▶ [WHAT YOU SHOULD DO]
Reply with one number, the count of lines below that contain the string "information".

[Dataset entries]
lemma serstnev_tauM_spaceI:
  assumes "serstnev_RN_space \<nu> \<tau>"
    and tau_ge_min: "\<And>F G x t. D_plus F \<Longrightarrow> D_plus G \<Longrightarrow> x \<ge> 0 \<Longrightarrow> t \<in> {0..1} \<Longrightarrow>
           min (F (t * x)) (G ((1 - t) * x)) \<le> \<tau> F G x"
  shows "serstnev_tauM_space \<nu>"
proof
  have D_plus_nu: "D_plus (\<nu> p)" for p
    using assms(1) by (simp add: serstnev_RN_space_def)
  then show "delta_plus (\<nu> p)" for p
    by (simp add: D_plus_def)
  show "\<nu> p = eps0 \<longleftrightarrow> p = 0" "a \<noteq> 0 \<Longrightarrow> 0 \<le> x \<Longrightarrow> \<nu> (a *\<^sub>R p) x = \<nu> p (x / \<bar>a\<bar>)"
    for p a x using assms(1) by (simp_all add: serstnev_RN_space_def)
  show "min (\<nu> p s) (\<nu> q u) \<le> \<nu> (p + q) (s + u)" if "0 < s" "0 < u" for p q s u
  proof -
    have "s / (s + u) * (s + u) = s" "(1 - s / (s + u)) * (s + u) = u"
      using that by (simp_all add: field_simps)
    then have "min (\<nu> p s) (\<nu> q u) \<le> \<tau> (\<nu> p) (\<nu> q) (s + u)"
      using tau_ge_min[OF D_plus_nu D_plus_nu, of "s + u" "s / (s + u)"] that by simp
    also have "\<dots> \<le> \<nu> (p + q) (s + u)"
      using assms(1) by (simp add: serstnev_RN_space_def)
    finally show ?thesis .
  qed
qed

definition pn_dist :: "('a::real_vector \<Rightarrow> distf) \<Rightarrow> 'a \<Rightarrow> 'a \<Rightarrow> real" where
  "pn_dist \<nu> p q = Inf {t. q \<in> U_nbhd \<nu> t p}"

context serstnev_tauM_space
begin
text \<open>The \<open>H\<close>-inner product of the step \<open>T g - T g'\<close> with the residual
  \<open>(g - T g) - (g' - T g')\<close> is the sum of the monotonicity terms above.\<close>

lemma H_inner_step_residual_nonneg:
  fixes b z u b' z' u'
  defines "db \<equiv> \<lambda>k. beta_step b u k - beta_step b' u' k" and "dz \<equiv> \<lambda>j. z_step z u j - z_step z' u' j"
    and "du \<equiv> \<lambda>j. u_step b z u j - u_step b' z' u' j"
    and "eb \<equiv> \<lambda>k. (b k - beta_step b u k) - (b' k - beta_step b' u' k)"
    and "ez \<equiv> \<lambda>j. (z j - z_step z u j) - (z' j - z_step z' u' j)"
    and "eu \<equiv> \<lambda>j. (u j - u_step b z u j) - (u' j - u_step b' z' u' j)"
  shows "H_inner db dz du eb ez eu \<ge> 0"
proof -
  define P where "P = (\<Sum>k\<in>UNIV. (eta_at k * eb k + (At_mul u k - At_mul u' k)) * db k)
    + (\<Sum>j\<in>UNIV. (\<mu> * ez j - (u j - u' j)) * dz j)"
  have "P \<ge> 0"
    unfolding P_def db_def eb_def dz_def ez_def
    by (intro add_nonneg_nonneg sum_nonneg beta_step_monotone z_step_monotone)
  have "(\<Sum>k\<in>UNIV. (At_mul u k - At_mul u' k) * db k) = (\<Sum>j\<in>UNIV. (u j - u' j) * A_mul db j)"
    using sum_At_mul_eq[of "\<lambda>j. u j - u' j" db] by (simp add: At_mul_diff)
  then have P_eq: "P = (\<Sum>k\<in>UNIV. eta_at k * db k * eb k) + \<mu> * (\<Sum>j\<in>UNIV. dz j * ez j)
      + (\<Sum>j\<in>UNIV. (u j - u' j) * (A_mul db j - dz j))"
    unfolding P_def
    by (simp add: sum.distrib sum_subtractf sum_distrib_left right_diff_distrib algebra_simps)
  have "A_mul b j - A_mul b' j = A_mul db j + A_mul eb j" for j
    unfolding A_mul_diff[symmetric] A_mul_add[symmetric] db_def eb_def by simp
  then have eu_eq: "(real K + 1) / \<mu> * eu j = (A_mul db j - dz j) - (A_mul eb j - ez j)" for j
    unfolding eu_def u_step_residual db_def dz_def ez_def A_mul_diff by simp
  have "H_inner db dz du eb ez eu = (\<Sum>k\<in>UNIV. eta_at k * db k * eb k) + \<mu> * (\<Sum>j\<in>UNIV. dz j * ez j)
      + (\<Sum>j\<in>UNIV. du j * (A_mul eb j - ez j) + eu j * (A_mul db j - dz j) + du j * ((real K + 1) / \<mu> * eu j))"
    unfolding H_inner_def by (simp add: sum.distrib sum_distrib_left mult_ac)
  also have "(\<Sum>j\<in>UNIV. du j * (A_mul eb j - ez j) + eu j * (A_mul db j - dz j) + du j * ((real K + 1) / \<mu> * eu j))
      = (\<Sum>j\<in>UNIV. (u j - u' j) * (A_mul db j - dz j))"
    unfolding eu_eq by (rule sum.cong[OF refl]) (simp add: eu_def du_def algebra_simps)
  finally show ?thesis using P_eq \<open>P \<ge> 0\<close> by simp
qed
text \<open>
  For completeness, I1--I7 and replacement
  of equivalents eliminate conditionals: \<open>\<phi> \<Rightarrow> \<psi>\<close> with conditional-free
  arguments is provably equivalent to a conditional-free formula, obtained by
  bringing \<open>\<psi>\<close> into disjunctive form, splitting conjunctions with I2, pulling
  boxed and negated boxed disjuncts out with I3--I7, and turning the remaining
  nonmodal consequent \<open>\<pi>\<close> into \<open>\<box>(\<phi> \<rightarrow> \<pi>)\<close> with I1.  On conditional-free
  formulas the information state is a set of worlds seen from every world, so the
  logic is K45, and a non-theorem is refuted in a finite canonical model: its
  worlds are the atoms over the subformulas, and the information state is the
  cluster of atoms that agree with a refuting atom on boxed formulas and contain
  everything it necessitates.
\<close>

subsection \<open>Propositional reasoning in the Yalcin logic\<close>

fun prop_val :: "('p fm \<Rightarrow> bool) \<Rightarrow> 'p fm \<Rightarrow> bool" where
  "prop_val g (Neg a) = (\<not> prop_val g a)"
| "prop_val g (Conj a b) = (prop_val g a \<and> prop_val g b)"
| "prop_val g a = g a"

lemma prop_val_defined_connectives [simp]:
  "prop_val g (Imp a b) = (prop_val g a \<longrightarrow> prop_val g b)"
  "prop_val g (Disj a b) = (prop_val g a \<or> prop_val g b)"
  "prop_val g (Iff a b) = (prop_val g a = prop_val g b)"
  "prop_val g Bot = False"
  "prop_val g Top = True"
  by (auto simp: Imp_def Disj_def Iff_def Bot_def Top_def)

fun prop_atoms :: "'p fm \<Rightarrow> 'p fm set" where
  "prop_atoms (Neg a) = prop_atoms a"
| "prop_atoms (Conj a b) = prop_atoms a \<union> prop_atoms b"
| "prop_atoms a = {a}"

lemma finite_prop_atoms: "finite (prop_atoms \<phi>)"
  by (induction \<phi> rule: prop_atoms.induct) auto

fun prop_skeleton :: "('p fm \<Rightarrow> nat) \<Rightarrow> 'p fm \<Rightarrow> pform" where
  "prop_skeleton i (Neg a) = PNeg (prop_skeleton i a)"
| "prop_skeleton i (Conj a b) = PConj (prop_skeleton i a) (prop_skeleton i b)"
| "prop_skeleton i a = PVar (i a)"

▶ [RESPONSE BELOW]
2